Items from a dataset

--- START ---

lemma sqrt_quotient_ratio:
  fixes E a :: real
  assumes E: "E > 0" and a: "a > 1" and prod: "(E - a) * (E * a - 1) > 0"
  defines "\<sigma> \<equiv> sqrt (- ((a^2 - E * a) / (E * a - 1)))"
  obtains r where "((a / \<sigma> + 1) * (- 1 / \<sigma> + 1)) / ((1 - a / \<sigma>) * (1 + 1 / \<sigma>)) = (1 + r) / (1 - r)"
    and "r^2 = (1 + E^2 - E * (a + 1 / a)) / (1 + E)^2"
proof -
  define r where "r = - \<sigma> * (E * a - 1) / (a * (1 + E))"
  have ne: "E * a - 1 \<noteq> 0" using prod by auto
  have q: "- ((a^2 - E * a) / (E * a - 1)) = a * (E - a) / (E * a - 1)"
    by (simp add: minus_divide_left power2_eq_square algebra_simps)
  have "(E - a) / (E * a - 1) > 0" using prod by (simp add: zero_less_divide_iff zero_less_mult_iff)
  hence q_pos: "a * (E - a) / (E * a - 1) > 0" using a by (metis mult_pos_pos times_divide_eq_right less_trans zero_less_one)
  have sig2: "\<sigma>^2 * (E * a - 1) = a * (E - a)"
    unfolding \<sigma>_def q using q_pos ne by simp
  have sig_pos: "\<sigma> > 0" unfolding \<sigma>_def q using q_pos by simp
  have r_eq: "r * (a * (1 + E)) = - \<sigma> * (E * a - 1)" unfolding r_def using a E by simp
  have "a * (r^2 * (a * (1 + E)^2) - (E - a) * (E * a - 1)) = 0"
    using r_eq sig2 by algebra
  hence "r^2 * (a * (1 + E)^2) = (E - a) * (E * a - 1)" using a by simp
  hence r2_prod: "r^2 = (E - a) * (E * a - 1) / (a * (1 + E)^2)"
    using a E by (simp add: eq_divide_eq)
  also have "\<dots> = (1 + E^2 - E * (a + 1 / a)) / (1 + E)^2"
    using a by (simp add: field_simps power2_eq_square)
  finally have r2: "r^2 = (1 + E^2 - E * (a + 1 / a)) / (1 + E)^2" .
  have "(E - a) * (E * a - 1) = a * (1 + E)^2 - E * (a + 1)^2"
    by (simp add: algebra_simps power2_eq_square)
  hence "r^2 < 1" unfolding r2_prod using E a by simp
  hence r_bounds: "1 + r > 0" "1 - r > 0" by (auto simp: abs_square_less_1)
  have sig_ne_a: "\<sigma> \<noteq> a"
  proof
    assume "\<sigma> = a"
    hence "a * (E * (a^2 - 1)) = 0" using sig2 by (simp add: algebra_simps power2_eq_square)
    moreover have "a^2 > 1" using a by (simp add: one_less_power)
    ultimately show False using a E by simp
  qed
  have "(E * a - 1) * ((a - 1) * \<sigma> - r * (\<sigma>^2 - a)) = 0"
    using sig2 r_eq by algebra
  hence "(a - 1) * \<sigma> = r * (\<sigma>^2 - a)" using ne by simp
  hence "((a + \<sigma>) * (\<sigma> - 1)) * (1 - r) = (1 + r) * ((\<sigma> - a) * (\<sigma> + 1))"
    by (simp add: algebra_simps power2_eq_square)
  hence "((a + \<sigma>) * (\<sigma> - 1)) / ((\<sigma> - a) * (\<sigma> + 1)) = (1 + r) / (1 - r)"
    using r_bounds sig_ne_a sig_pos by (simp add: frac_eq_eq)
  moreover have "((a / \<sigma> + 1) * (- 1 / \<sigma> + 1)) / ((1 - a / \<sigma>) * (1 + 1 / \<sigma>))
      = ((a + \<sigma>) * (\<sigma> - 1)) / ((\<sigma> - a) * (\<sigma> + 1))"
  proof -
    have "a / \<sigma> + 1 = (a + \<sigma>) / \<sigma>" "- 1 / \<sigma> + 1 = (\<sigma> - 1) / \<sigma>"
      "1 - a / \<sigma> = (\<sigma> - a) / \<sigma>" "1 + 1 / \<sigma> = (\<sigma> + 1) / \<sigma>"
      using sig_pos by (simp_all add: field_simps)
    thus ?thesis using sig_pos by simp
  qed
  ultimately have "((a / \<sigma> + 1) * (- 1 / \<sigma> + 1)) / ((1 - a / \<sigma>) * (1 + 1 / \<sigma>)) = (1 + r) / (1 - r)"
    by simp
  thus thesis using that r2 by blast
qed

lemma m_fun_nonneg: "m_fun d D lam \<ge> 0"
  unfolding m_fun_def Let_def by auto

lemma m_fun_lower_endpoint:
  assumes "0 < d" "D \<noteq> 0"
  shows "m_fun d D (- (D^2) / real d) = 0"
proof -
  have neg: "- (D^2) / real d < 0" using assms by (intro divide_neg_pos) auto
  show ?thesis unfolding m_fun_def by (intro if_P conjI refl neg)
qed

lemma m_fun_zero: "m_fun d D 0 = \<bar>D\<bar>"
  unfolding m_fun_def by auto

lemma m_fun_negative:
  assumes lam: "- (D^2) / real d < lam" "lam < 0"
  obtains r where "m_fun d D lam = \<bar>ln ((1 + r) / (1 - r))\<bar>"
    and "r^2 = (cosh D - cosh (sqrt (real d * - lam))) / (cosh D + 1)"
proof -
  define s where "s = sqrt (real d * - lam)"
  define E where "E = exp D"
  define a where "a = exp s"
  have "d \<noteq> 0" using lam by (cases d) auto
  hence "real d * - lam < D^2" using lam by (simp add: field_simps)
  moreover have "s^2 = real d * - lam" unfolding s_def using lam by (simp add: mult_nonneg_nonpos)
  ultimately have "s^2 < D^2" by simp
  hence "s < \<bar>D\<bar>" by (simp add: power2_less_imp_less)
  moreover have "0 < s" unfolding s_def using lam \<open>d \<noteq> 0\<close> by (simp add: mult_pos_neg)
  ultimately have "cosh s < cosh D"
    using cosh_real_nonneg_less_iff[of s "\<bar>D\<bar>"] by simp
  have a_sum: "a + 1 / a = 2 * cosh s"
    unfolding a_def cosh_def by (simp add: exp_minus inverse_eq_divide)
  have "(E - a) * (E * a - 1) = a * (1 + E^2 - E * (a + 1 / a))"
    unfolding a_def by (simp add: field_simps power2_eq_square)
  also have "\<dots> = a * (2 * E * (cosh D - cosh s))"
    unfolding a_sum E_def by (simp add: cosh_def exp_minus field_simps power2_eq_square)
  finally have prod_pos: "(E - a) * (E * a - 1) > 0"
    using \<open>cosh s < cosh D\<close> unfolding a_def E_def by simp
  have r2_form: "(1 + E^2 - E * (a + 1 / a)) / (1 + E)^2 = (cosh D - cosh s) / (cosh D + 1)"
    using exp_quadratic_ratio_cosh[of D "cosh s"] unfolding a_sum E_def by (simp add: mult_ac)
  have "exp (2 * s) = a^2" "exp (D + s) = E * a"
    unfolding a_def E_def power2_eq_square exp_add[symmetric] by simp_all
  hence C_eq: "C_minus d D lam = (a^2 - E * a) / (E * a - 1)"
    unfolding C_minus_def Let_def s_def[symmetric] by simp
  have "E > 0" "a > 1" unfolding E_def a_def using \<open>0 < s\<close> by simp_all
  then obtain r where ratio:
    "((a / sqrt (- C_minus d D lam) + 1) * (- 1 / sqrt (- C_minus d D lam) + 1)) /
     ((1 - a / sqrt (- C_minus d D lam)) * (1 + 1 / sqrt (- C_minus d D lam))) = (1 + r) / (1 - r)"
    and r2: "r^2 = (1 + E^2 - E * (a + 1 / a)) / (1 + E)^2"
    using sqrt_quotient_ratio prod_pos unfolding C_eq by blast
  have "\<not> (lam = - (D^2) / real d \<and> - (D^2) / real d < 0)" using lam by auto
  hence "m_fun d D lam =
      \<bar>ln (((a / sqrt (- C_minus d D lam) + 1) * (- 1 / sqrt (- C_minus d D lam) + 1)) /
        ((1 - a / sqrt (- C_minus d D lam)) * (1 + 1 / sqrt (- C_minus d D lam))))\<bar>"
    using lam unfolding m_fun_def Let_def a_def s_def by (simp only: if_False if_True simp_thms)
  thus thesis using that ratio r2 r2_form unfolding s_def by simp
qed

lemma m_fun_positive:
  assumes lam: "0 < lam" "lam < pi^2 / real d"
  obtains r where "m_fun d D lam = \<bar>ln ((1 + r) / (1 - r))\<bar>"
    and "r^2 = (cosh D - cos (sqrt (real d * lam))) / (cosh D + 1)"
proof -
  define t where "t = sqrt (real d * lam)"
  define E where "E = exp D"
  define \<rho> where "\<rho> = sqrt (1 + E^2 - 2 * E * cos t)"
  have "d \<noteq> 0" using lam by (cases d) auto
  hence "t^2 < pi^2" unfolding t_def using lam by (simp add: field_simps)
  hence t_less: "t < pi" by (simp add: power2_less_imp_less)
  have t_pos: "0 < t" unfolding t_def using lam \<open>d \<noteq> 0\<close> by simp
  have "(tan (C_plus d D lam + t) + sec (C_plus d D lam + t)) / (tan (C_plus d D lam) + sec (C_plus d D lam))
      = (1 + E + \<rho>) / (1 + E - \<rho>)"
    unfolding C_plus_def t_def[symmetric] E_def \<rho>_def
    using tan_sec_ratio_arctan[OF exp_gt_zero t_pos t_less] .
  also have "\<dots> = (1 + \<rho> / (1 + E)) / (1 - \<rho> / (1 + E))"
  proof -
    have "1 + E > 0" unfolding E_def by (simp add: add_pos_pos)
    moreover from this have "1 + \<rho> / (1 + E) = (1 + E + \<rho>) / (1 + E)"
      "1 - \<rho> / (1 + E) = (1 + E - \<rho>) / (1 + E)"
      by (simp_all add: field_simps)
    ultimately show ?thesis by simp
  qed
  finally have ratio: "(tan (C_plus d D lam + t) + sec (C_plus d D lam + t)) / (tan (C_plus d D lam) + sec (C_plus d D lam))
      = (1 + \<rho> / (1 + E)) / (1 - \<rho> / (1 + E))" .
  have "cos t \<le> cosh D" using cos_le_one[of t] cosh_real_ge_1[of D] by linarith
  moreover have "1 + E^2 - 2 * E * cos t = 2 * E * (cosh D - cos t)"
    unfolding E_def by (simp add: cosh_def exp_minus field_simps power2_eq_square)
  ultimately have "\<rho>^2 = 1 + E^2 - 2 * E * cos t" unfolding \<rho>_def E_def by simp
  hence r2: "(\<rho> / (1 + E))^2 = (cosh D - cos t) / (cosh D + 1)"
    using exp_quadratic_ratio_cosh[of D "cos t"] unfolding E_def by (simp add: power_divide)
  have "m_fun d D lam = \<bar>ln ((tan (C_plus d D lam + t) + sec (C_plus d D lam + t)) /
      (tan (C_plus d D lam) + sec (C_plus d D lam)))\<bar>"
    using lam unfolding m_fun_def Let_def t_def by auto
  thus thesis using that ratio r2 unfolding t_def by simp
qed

--- END ---
--- START ---

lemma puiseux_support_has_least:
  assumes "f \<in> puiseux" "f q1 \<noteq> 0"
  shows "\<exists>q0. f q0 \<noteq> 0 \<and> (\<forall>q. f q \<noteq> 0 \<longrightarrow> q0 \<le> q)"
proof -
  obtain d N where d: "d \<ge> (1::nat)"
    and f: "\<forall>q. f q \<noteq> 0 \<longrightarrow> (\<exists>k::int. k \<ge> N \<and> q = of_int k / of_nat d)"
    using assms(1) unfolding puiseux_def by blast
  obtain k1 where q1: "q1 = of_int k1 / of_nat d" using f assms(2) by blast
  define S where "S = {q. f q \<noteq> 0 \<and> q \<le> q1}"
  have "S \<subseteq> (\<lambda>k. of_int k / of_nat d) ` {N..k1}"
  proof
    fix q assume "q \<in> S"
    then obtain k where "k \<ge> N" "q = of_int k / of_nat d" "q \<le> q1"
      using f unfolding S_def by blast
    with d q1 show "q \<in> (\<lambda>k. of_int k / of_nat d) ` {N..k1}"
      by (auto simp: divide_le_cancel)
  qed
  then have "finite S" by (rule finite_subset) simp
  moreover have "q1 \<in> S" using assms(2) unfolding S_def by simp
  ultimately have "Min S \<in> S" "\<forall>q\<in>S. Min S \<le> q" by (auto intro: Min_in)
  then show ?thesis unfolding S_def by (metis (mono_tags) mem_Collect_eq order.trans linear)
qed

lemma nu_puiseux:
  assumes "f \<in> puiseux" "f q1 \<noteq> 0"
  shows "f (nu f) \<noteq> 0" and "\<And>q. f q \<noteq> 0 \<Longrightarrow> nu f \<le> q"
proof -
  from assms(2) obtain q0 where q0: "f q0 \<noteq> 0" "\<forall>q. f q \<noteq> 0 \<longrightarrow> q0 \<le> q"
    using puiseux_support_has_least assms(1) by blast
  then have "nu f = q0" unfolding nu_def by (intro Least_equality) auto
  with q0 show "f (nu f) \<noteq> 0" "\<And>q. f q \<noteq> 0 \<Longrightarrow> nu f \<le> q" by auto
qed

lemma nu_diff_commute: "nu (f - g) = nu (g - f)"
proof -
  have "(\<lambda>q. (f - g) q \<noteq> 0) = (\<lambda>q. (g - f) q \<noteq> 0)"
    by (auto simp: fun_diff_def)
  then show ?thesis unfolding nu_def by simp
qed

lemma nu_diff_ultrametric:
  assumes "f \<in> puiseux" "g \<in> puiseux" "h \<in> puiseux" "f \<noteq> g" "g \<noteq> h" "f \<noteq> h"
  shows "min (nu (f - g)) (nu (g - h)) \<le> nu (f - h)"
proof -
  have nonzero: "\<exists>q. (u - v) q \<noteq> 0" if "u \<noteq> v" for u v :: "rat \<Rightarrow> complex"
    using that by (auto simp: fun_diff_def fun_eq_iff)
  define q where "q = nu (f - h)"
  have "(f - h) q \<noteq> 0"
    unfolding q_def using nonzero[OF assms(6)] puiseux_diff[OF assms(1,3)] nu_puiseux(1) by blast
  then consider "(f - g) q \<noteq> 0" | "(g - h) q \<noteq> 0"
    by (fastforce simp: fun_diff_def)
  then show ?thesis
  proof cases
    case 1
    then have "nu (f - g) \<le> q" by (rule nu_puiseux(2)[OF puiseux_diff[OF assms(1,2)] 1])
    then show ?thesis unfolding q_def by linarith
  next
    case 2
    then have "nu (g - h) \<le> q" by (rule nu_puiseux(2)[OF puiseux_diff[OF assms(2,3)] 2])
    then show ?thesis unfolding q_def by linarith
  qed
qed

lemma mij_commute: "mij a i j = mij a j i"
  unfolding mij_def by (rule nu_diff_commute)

--- END ---

WORK TO BE COMPLETED:
Both the line containing "ultimately show False using a E by simp" and the line containing "using ne by simp" belong in the answer. Print them and every line above that falls between them exactly, and no others.

EXERCISE OUTPUT:
    ultimately show False using a E by simp
  qed
  have "(E * a - 1) * ((a - 1) * \<sigma> - r * (\<sigma>^2 - a)) = 0"
    using sig2 r_eq by algebra
  hence "(a - 1) * \<sigma> = r * (\<sigma>^2 - a)" using ne by simp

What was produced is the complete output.